Covid-19 and its variant strains were and remain a global catastrophe, infecting roughly 182 million people and costing roughly four million deaths worldwide. There is no counting the lives which were indirectly affected by the disease, which has had devastating ripple effects throughout the worldwide economy.
Reports are that, by the end of 2020, over 9 million small businesses were closed, temporarily, or permanently closed during the downturn, and over 9 million jobs were lost.
But startup businesses, on the other hand, enjoyed their greatest boon in years. In the United States alone, they grew from 2019’s 3.5 million to 2020s 4.4 million, an increase of 24 percent. And the US was not alone, joined in the startup revolution by Turkey, Chile, the United Kingdom. But startups dropped by nearly 25 percent over the same period in Russia and Portugal. Other countries, like China, had no noticeable change in startup rates.
There were subsidies and programs to help the beleaguered individual or family get by, there was an inordinate amount of time away from the conventional office surroundings, with more time and opportunity to reconsider different avenues to make a living.
And starting a business in the US and other countries enjoying the boon is easier than in other countries. There’s a direct correlation between the rise of successful startups and the facility of their countries of origin to establish such businesses. In countries like Russia, where this procedure is more challenging, there was startup decline and ensuing economic loss. In countries in the UK, where programs make starting a business easier, there were more startups and a greater economic benefit to the country.
The types of businesses that started were related to the effects of the virus as well. In the UK, 20 percent of new startups in 2020’s third fiscal quarter were retail businesses. This likely owes to the inordinate spike in online sales during the pandemic (up to 33%) which is now abating, allowing a return of the brick-and-mortar shopping experience. This return may also be fueled by the psychological effect of people being locked down for so long. What used to be an inconvenient run to the store is now what it was intended to be; a fun, social experience. This was the marketing approach used by Barnes & Noble and other big companies almost two decades ago; companies that sought to create more than just a book store, more than just a record store, more than just a Starbucks, but all three in the same place.

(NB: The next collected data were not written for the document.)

(* Let $n$ training samples carry labels in $\{1,\dots,K\}$ with indicator matrix $F\in\mathbb{R}^{K\times n}$, $n_k$ samples in class $k$; let the basis $G_1,\dots,G_r$ ($r\le n$) be a subset of the training samples with $r_k\ge1$ basis vectors in class $k$, and let $F_{G_i}$ be the class indicator of $G_i$. Let $\tilde W\in\mathbb{R}^{r\times n}$ be entrywise nonnegative with every column summing to one, of full row rank, satisfying $\tilde W_{ij}=0$ whenever $F_{G_i}\neq F_j$, and let $\tilde W'=\tilde W+\Delta W$ for a matrix $\Delta W\in\mathbb{R}^{r\times n}$. Put $\xi=\|\tilde W^\dagger\|_2\|\Delta W\|_2$, $\delta=\|\Delta W\|_F/\|\tilde W\|_F$, $n_\rho=\sqrt{\max_kn_k/\min_kn_k}$, $r_\rho=\sqrt{\max_kr_k/\min_kr_k}$. Let $X=F\tilde W^\dagger$, $X'=F\tilde W'^\dagger$, let $\gamma=\|X\|_F^2\|\tilde W\|_F^2/\|X\tilde W\|_F^2$ be the spectral risk of the ideal case, and let $\epsilon'=\|F-X'\tilde W'\|_F^2/\|X'\tilde W'\|_F^2+1$ and $\gamma'=\|X'\|_F^2\|\tilde W'\|_F^2/\|X'\tilde W'\|_F^2$ be the fitting error and spectral risk of the perturbed case. If $\xi<1/n_\rho$, then $$\epsilon'\le\frac{n_\rho^2\xi^2}{(1-n_\rho\xi)^2}+1,\qquad \gamma'\le\gamma(1+\delta)^2\Big(\frac{1+r_\rho\xi}{1-n_\rho\xi}\Big)^2.$$
   Context: The columns of $F$ are standard basis vectors of $\mathbb{R}^K$: $F_j=e_k$ iff sample $j$ is in class $k$. $\|\cdot\|_2$ of a matrix is the spectral norm; $M^\dagger$ is the Moore–Penrose pseudo-inverse (for $\tilde W$ of full row rank, $\tilde W^\dagger=\tilde W^T(\tilde W\tilde W^T)^{-1}$). $X$ and $X'$ are the least-squares solutions of $\min_X\|F-X\tilde W\|_F^2$ and $\min_X\|F-X\tilde W'\|_F^2$. *)

theory Defs
  imports "HOL-Analysis.Analysis"
begin

definition pinv :: "real^'n^'m \<Rightarrow> real^'m^'n" where
  "pinv A = (THE X. A ** X ** A = A \<and> X ** A ** X = X \<and>
                    transpose (A ** X) = A ** X \<and> transpose (X ** A) = X ** A)"

definition spec_norm :: "real^'n^'m \<Rightarrow> real" where
  "spec_norm A = onorm (\<lambda>x. A *v x)"

definition frob :: "real^'n^'m \<Rightarrow> real" where
  "frob A = sqrt (\<Sum>i\<in>UNIV. \<Sum>j\<in>UNIV. (A $ i $ j)\<^sup>2)"

definition indicator_mat :: "('n \<Rightarrow> 'k) \<Rightarrow> real^'n^'k" where
  "indicator_mat lab = (\<chi> k j. if lab j = k then 1 else 0)"

end

theory Submission
  imports Defs
begin

text \<open>Since \<open>W\<close> only mixes basis vectors of a sample's own class and its columns sum to one,
  \<open>F = F\<^sub>G W\<close> lies in the row space of \<open>W\<close>, so \<open>X = F W\<^sup>\<dagger>\<close> fits exactly: \<open>X W = F\<close>.
  Let \<open>P' = W'\<^sup>\<dagger> W'\<close> be the orthogonal projector onto the row space of \<open>W' = W + \<Delta>W\<close>.
  From \<open>W' P' = W'\<close> one gets \<open>X' W' - F = X \<Delta>W (I - P')\<close>, of norm at most \<open>\<parallel>F\<parallel> \<xi>\<close>, and
  Pythagoras for \<open>F = F P' + F (I - P')\<close> bounds the fitting error by \<open>\<xi>\<^sup>2 / (1 - \<xi>)\<^sup>2 + 1\<close>.
  For the risk, \<open>W' W\<^sup>\<dagger> = I + \<Delta>W W\<^sup>\<dagger>\<close> is invertible with \<open>\<parallel>(W' W\<^sup>\<dagger>) y\<parallel> \<ge> (1 - \<xi>) \<parallel>y\<parallel>\<close>, whence
  \<open>\<parallel>W'\<^sup>\<dagger>\<parallel>\<^sub>2 \<le> \<parallel>W\<^sup>\<dagger>\<parallel>\<^sub>2 / (1 - \<xi>)\<close>; writing \<open>X' = X - X \<Delta>W P' W'\<^sup>\<dagger>\<close> and splitting
  \<open>\<parallel>X \<Delta>W\<parallel>\<^sup>2\<close> between \<open>P'\<close> and \<open>I - P'\<close> controls \<open>\<parallel>X'\<parallel>\<close> against \<open>\<parallel>X' W'\<parallel>\<close> and gives
  \<open>\<gamma>' \<le> \<gamma> (1 + \<delta>)\<^sup>2 ((1 + \<xi>) / (1 - \<xi>))\<^sup>2\<close>. As \<open>n\<^sub>\<rho>, r\<^sub>\<rho> \<ge> 1\<close>, these bounds in \<open>\<xi>\<close> alone imply
  the stated ones.\<close>

lemma matrix_diff_ldistrib: "(A::'a::ring_1^'n^'m) ** (B - C) = A ** B - A ** C"
  by (vector matrix_matrix_mult_def sum_subtractf right_diff_distrib)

It was that same, all-inclusive approach that influenced Apple to create its stores to be as much of a hangout as a retail shop, offering like-minded enthusiasts a place to trade stories, tips, and tricks, free technical support, and even free wifi. Now that consumers are eager to get out of the house again, they’re ready for somewhere to go and something to do.
Chinese electric car company NIO is taking the same approach and is setting the automotive world, and the stock market, on its ear.
A lot of the new startup businesses accommodated the pandemic’s lockdown lifestyle, and they will likely go on to thrive even after the crisis has passed. Gaming, delivery services, pet products, and others enjoyed a boon during the pandemic and are poised to remain fixtures of our modern lifestyles. Other pandemics and post-pandemic success stories include ebook writing, online therapy, virtual assistance, pet sitting, social media marketing, online teaching and tutoring, home care service, and online resales.
If you’re interested in creating your own startup company, here are things to consider:
Purpose: Know the goal of your business, the specific need you’re going to fulfill, and how you’re going fulfill it better than the competition already does.
Cost: Make it more affordable than your competition. People will only pay more for recognizable names. If you haven’t got that, you’ll have to outbid the others. But since startups are generally the least costly to establish and maintain, the business’ small size becomes its great strength.
Quality: Let your product or service be affordable, but not cheap. People know that they get what they pay for. They want and need a bargain, but they won’t be satisfied with lesser quality.
Look into your local government’s programs, available at various online sites (often with .org as a suffix). Think about what you can offer and how best to offer it, and then prepare yourself to join the global boon in startup companies. The pandemic may be over, but this revolution is just beginning.